Yonsei Med J.  2018 Dec;59(10):1174-1180. 10.3349/ymj.2018.59.10.1174.

Effect of the Orally Active Growth Hormone Secretagogue MK-677 on Somatic Growth in Rats

Affiliations
  • 1Department of Pediatrics, Severance Children's Hospital, Endocrine Research Institute, Yonsei University College of Medicine, Seoul, Korea. kimho@yuhs.ac

Abstract

PURPOSE
Growth hormone secretagogues (GHSs) possess the ability to release growth hormone (GH) in the body. This study aimed to investigate the effects of MK-677, an orally active GHS, on somatic growth in rats.
MATERIALS AND METHODS
The serum levels of GH were measured after oral administration of MK-677 to confirm GH stimulatory effects. Body weight, body length, tibia length, epiphyseal plate width, and serum levels of insulin-like growth factor (IGF)-I were measured after oral administration of 4 mg/kg of MK-677 for 6 weeks to investigate growth-promoting effects.
RESULTS
Oral administration of MK-677 at 4 mg/kg increased peak GH concentrations by 1.8-fold, compared to baseline. However, oral administration of MK-677 for 6 weeks did not increase body growth or serum levels of IGF-I. At 6 weeks after treatment, the GH response to MK-677 was abolished. Pituitary GH mRNA and hypothalamic GH-releasing hormone mRNA, and GH secretagogue receptor (GHSR) mRNA expression in the pituitary and hypothalamus did not differ between the control and treatment group. Somatostatin (SST) mRNA expression in the hypothalamus was markedly increased in the treatment group, whereas SST receptor (SSTR)-2 mRNA expression in the pituitary gland was decreased. Protein expression of hypothalamic GHSR, SST, and pituitary SSTR-2 showed patterns similar to those for mRNA expression.
CONCLUSION
Our results suggest that prolonged administration of MK-677 in rats does not promote growth despite the GH stimulatory effect of MK-677, which may be related to increased expression of SST in the hypothalamus. Further studies are needed to overcome the observed desensitization to GHS.

Keyword

Growth hormone-releasing peptide; oral administration; growth; rats; somatostatin

MeSH Terms

Administration, Oral
Animals
Body Weight
Growth Hormone*
Growth Plate
Hypothalamus
Insulin-Like Growth Factor I
Pituitary Gland
Rats*
RNA, Messenger
Somatostatin
Tibia
Growth Hormone
Insulin-Like Growth Factor I
RNA, Messenger
Somatostatin

Figure

  • Fig. 1 Serum growth hormone (GH) levels after oral administration of MK-677. (A) Dose range study at baseline. MK-677 at 0, 2, and 4 mg/kg were administered. (B) MK-677 at 4 mg/kg was administered in rats at 6 weeks after treatment of MK-677. n=4/treatment. *p<0.001.
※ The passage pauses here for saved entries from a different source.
(* Let $q=p^m$ with $p$ an odd prime, $q\equiv 1\pmod 3$, $q\geq 13$. In the graph $C_P(q)$: (a) for all nonzero $r,s\in GF(q)$, the induced subgraphs $[P_r]$ and $[P_s]$ are isomorphic; (b) for every nonzero $r$ and distinct $i,j\in GF(q)$, the edge set of $[B_i(r)\cup B_j(r)]$ is a perfect matching between $B_i(r)$ and $B_j(r)$; (c) for every nonzero $r$, $[P_r]$ is regular of degree $q-1$; (d) for every non-isolated vertex $v$ of $C_P(q)$, the subgraph induced by the set $N(v)$ of neighbors of $v$ is $2$-regular, i.e. a disjoint union of cycles.
   Context: $PGL(2,q)$ is the group of maps $x\mapsto\frac{ax+b}{cx+d}$ ($a,b,c,d\in GF(q)$, $ad\neq bc$) acting on $GF(q)\cup\{\infty\}$ with the usual conventions ($-d/c\mapsto\infty$, $\infty\mapsto a/c$ if $c\neq0$, $\infty\mapsto\infty$ if $c=0$). For $K,i\in GF(q)$ and $r\in GF(q)\setminus\{0\}$, $f_{K,r,i}$ is the element of $PGL(2,q)$ with $f_{K,r,i}(x)=K+\frac{r}{x-i}$ for $x\notin\{i,\infty\}$, $f_{K,r,i}(\infty)=K$, $f_{K,r,i}(i)=\infty$. For $r\neq0$, $P_r=\{f_{a,r,i}: a,i\in GF(q)\}$ and $B_i(r)=\{f_{a,r,i}:a\in GF(q)\}$. $hd(\pi,\sigma)$ is the number of points at which $\pi,\sigma$ differ. With distinguished element $F=\infty$, $\pi^{\triangle}$ is the permutation with $\pi^{\triangle}(\pi^{-1}(\infty))=\pi(\infty)$, $\pi^{\triangle}(\infty)=\infty$, $\pi^{\triangle}(x)=\pi(x)$ otherwise. The contraction graph $C_P(q)$ has vertex set $PGL(2,q)$, with distinct $\pi,\sigma$ adjacent iff $hd(\pi^{\triangle},\sigma^{\triangle})=q-4$. For a vertex set $S$, $[S]$ denotes the induced subgraph of $C_P(q)$ on $S$. *)

theory Defs
  imports Main "HOL-Computational_Algebra.Primes"
begin

text \<open>The projective line GF(q) \<union> {\<infinity>} is modelled as 'a option, with None = \<infinity>.\<close>

definition mob :: "'a::field \<Rightarrow> 'a \<Rightarrow> 'a \<Rightarrow> 'a \<Rightarrow> 'a option \<Rightarrow> 'a option" where
  "mob a b c d z =
     (if c = 0 then
        (case z of None \<Rightarrow> None | Some x \<Rightarrow> Some ((a * x + b) / d))
      else
        (case z of None \<Rightarrow> Some (a / c)
         | Some x \<Rightarrow> (if c * x + d = 0 then None else Some ((a * x + b) / (c * x + d)))))"

definition PGL2 :: "('a::field option \<Rightarrow> 'a option) set" where
  "PGL2 = {mob a b c d | a b c d. a * d \<noteq> b * c}"
(* Let $n\geq2$ be an integer, $b:=-n+i$, and $D\subset\{0,1,\ldots,n^2\}$. Let $\alpha\in E_{n,D}$ and suppose there is exactly one sequence $(\alpha_j)_{j\ge1}$ with $\alpha_j\in D-D$ for all $j$ and $\alpha=\sum_{j\ge1}\alpha_jb^{-j}$. Then $$C_{n,D}\cap(C_{n,D}+\alpha)=\Big\{\sum_{j\ge1}z_jb^{-j}: z_j\in D\cap(D+\alpha_j)\text{ for all }j\Big\}.$$
   Context: $C_{n,D}$ is the attractor of $\{z\mapsto b^{-1}(z+d): d\in D\}$, i.e. $C_{n,D}=\{\sum_{j\ge1}d_jb^{-j}: d_j\in D\}$. $E_{n,D}$ is the attractor of $\{z\mapsto b^{-1}(z+\delta):\delta\in D-D\}$, i.e. $E_{n,D}=\{\sum_{j\ge1}\delta_jb^{-j}: \delta_j\in D-D\}$, where $D-D=\{d-d':d,d'\in D\}$. *)

theory Defs
  imports "HOL-Analysis.Analysis"
begin

text \<open>Radix expansion  sum_{j>=1} d_j b^{-j}; digit sequences are indexed from 0,
  so d j plays the role of d_{j+1}.\<close>
definition radix_val :: "complex \<Rightarrow> (nat \<Rightarrow> int) \<Rightarrow> complex" where
  "radix_val b d = (\<Sum>j. of_int (d j) / b ^ Suc j)"

definition diffset :: "int set \<Rightarrow> int set" where
  "diffset D = {d - d' | d d'. d \<in> D \<and> d' \<in> D}"

definition Cset :: "nat \<Rightarrow> int set \<Rightarrow> complex set" where
  "Cset n D = {radix_val (- of_nat n + \<i>) d | d. \<forall>j. d j \<in> D}"

definition Eset :: "nat \<Rightarrow> int set \<Rightarrow> complex set" where
  "Eset n D = {radix_val (- of_nat n + \<i>) d | d. \<forall>j. d j \<in> diffset D}"

end

theory Submission
  imports Defs
begin

text \<open>Bounded digit sequences have convergent expansions in any base of modulus greater
  than 1, so the expansion map is additive on them. If \<open>z\<close> and \<open>w\<close> are digit sequences in
  \<open>D\<close> whose values differ by \<open>\<alpha>\<close>, then \<open>z - w\<close> is an expansion of \<open>\<alpha>\<close> with digits in
  \<open>D - D\<close>; uniqueness forces \<open>z - w = a\<close>, i.e. \<open>z j \<in> D \<inter> (D + a j)\<close>. Conversely,
  subtracting \<open>a\<close> from such a \<open>z\<close> gives a digit sequence in \<open>D\<close> whose value is smaller
  by \<open>\<alpha>\<close>.\<close>

lemma summable_radix:
  fixes b :: complex and d :: "nat \<Rightarrow> int"
  assumes "\<And>j. \<bar>d j\<bar> \<le> K" and "norm b > 1"
  shows "summable (\<lambda>j. of_int (d j) / b ^ Suc j)"
proof (rule summable_comparison_test')
  have "inverse (norm b) < 1" using assms(2) by (simp add: inverse_less_1_iff)
  then show "summable (\<lambda>j. of_int K / norm b * inverse (norm b) ^ j)"
    by (intro summable_mult summable_geometric) simp
  fix j :: nat
  have "\<bar>real_of_int (d j)\<bar> \<le> of_int K"
    using assms(1)[of j] by (simp flip: of_int_abs del: of_int_abs)
  then have "norm (of_int (d j) / b ^ Suc j) \<le> of_int K / norm b ^ Suc j"
    by (simp add: norm_divide norm_power divide_right_mono del: power_Suc)
  also have "\<dots> = of_int K / norm b * inverse (norm b) ^ j"
    by (simp add: field_simps power_inverse)
  finally show "norm (of_int (d j) / b ^ Suc j) \<le> of_int K / norm b * inverse (norm b) ^ j" .
qed

lemma radix_val_diff:
  assumes "\<And>j. \<bar>x j\<bar> \<le> K" and "\<And>j. \<bar>y j\<bar> \<le> L" and "norm b > 1"
  shows "radix_val b (\<lambda>j. x j - y j) = radix_val b x - radix_val b y"
proof -
  have "radix_val b x - radix_val b y = (\<Sum>j. of_int (x j) / b ^ Suc j - of_int (y j) / b ^ Suc j)"
    unfolding radix_val_def using assms by (intro suminf_diff summable_radix)
  then show ?thesis by (simp add: radix_val_def diff_divide_distrib)
qed

lemma norm_neg_of_nat_plus_ii_gt_1:
  assumes "n \<noteq> 0"
  shows "norm (- of_nat n + \<i>) > 1"
proof -
  have "1 < (real n)\<^sup>2 + 1" using assms by simp
  then show ?thesis by (simp add: cmod_def real_less_rsqrt)
qed

lemma abs_diffset_le:
  assumes "\<And>d. d \<in> D \<Longrightarrow> \<bar>d\<bar> \<le> K" and "x \<in> diffset D"
  shows "\<bar>x\<bar> \<le> 2 * K"
proof -
  obtain d d' where "x = d - d'" "d \<in> D" "d' \<in> D" using assms(2) by (auto simp: diffset_def)
  with assms(1)[of d] assms(1)[of d'] show ?thesis by linarith
qed

lemma radix_translate_digits_unique:
  assumes "norm b > 1" and D_bound: "\<And>d. d \<in> D \<Longrightarrow> \<bar>d\<bar> \<le> K"
    and unique: "\<And>a'. \<forall>j. a' j \<in> diffset D \<Longrightarrow> radix_val b a' = radix_val b a \<Longrightarrow> a' = a"
    and z: "\<forall>j. z j \<in> D" and w: "\<forall>j. w j \<in> D"
    and val: "radix_val b z = radix_val b w + radix_val b a"
  shows "z j \<in> D \<inter> (\<lambda>d. d + a j) ` D"
proof -
  have "\<forall>j. z j - w j \<in> diffset D" using z w by (auto simp: diffset_def)
  moreover have "radix_val b (\<lambda>j. z j - w j) = radix_val b z - radix_val b w"
    using z w D_bound \<open>norm b > 1\<close> by (intro radix_val_diff) auto
  with val have "radix_val b (\<lambda>j. z j - w j) = radix_val b a" by simp
  ultimately have "(\<lambda>j. z j - w j) = a" by (rule unique)
  then have "z j = w j + a j" using fun_cong[of _ a j] by force
  then have "z j \<in> (\<lambda>d. d + a j) ` D" using w by blast
  with z show ?thesis by blast
qed

lemma radix_translate_digits_exist:
  assumes "norm b > 1" and D_bound: "\<And>d. d \<in> D \<Longrightarrow> \<bar>d\<bar> \<le> K"
    and a: "\<forall>j. a j \<in> diffset D" and z: "\<forall>j. z j \<in> D \<inter> (\<lambda>d. d + a j) ` D"
  obtains w where "\<forall>j. w j \<in> D" and "radix_val b z = radix_val b w + radix_val b a"
proof
  show "\<forall>j. z j - a j \<in> D"
  proof
    fix j
    obtain d where "d \<in> D" "z j = d + a j" using z by blast
    then show "z j - a j \<in> D" by simp
  qed
  have "radix_val b (\<lambda>j. z j - a j) = radix_val b z - radix_val b a"
  proof (rule radix_val_diff)
    show "\<bar>z j\<bar> \<le> K" for j using z D_bound by blast
    show "\<bar>a j\<bar> \<le> 2 * K" for j using a by (intro abs_diffset_le[where D = D]) (auto intro: D_bound)
  qed fact
  then show "radix_val b z = radix_val b (\<lambda>j. z j - a j) + radix_val b a" by simp
qed

lemma radix_digit_set_inter_translate:
  assumes "norm b > 1" and D_bound: "\<And>d. d \<in> D \<Longrightarrow> \<bar>d\<bar> \<le> K"
    and a: "\<forall>j. a j \<in> diffset D"
    and unique: "\<And>a'. \<forall>j. a' j \<in> diffset D \<Longrightarrow> radix_val b a' = radix_val b a \<Longrightarrow> a' = a"
  shows "{radix_val b z | z. \<forall>j. z j \<in> D} \<inter>
           (\<lambda>x. x + radix_val b a) ` {radix_val b z | z. \<forall>j. z j \<in> D} =
         {radix_val b z | z. \<forall>j. z j \<in> D \<inter> (\<lambda>d. d + a j) ` D}"
proof (intro equalityI subsetI)
  fix x assume "x \<in> {radix_val b z | z. \<forall>j. z j \<in> D} \<inter>
                    (\<lambda>x. x + radix_val b a) ` {radix_val b z | z. \<forall>j. z j \<in> D}"
  then obtain z w where "\<forall>j. z j \<in> D" "\<forall>j. w j \<in> D" "x = radix_val b z"
    "radix_val b z = radix_val b w + radix_val b a" by auto
  then show "x \<in> {radix_val b z | z. \<forall>j. z j \<in> D \<inter> (\<lambda>d. d + a j) ` D}"
    using radix_translate_digits_unique[OF assms(1) D_bound unique] by blast
next
  fix x assume "x \<in> {radix_val b z | z. \<forall>j. z j \<in> D \<inter> (\<lambda>d. d + a j) ` D}"
  then obtain z where z: "\<forall>j. z j \<in> D \<inter> (\<lambda>d. d + a j) ` D" and x: "x = radix_val b z" by auto
  obtain w where "\<forall>j. w j \<in> D" "radix_val b z = radix_val b w + radix_val b a"
    using radix_translate_digits_exist[OF assms(1) D_bound a z] .
  with z x show "x \<in> {radix_val b z | z. \<forall>j. z j \<in> D} \<inter>
                    (\<lambda>x. x + radix_val b a) ` {radix_val b z | z. \<forall>j. z j \<in> D}" by blast
qed

theorem lemma5p4:
  fixes n :: nat and D :: "int set" and \<alpha> :: complex and a :: "nat \<Rightarrow> int"
  assumes "n \<ge> 2"
    and "D \<subseteq> {0..int n ^ 2}"
    and "\<alpha> \<in> Eset n D"
    and "\<forall>j. a j \<in> diffset D"
    and "\<alpha> = radix_val (- of_nat n + \<i>) a"
    and "\<forall>a'. (\<forall>j. a' j \<in> diffset D) \<and> \<alpha> = radix_val (- of_nat n + \<i>) a' \<longrightarrow> a' = a"
  shows "Cset n D \<inter> ((\<lambda>z. z + \<alpha>) ` Cset n D) =
         {radix_val (- of_nat n + \<i>) z | z. \<forall>j. z j \<in> D \<inter> ((\<lambda>d. d + a j) ` D)}"
  unfolding Cset_def assms(5)
proof (rule radix_digit_set_inter_translate)
  show "norm (- of_nat n + \<i>) > 1" using assms(1) by (intro norm_neg_of_nat_plus_ii_gt_1) simp
  show "\<bar>d\<bar> \<le> int n ^ 2" if "d \<in> D" for d using assms(2) that by auto
  show "a' = a" if "\<forall>j. a' j \<in> diffset D"
    and "radix_val (- of_nat n + \<i>) a' = radix_val (- of_nat n + \<i>) a" for a'
    using assms(5,6) that by auto
qed fact

end
theorem lemmaB4:
  fixes p d :: real
  assumes "1 < p" "p < 5" "-1 < d" "d < 1"
  shows "E0 d \<subseteq> ball 0 1 \<and>
    (\<integral>Y\<in>E0 d. kappa p d Y powr (p + 1) * rho p Y \<partial>lborel)
      = kappa0 p powr (p + 1) * (\<integral>y\<in>ball 0 (1/2). rho p y \<partial>lborel)"
proof -
  have d: "\<bar>d\<bar> < 1" using assms(3,4) by simp
  let ?F = "\<lambda>Y. kappa p d Y powr (p + 1) * rho p Y"
  have cov: "?F absolutely_integrable_on E0 d"
    "integral (E0 d) ?F = kappa0 p powr (p + 1) * integral (ball 0 (1/2)) (rho p)"
    using has_absolute_integral_kappa_rho_E0[OF assms(1) _ d] assms(2) by auto
  have "E0 d \<in> sets borel" "?F \<in> borel_measurable borel"
    unfolding E0_def kappa_def by measurable
  then have "set_integrable lborel (E0 d) ?F"
    using cov(1) by (simp add: set_integrable_lborel_iff_absolutely_integrable_on)
  moreover have "set_integrable lborel (ball 0 (1/2)) (rho p)"
    using assms(1,2) by (intro set_integrable_rho) auto
  ultimately show ?thesis
    using E0_subset_ball[OF d] cov(2) by (simp add: set_borel_integral_eq_integral(2))
qed

end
  • Fig. 2 Efficacy of oral administration of MK-677 for 6 weeks. (A) Body weight, (B) body length, and (C) width of tibia growth plate (arrows) detected by hematoxylin-eosin staining (×40). n=4/treatment.

  • Fig. 3 Serum insulin-like growth factor (IGF)-I levels during oral administration of MK-677 for 6 weeks. n=4/treatment.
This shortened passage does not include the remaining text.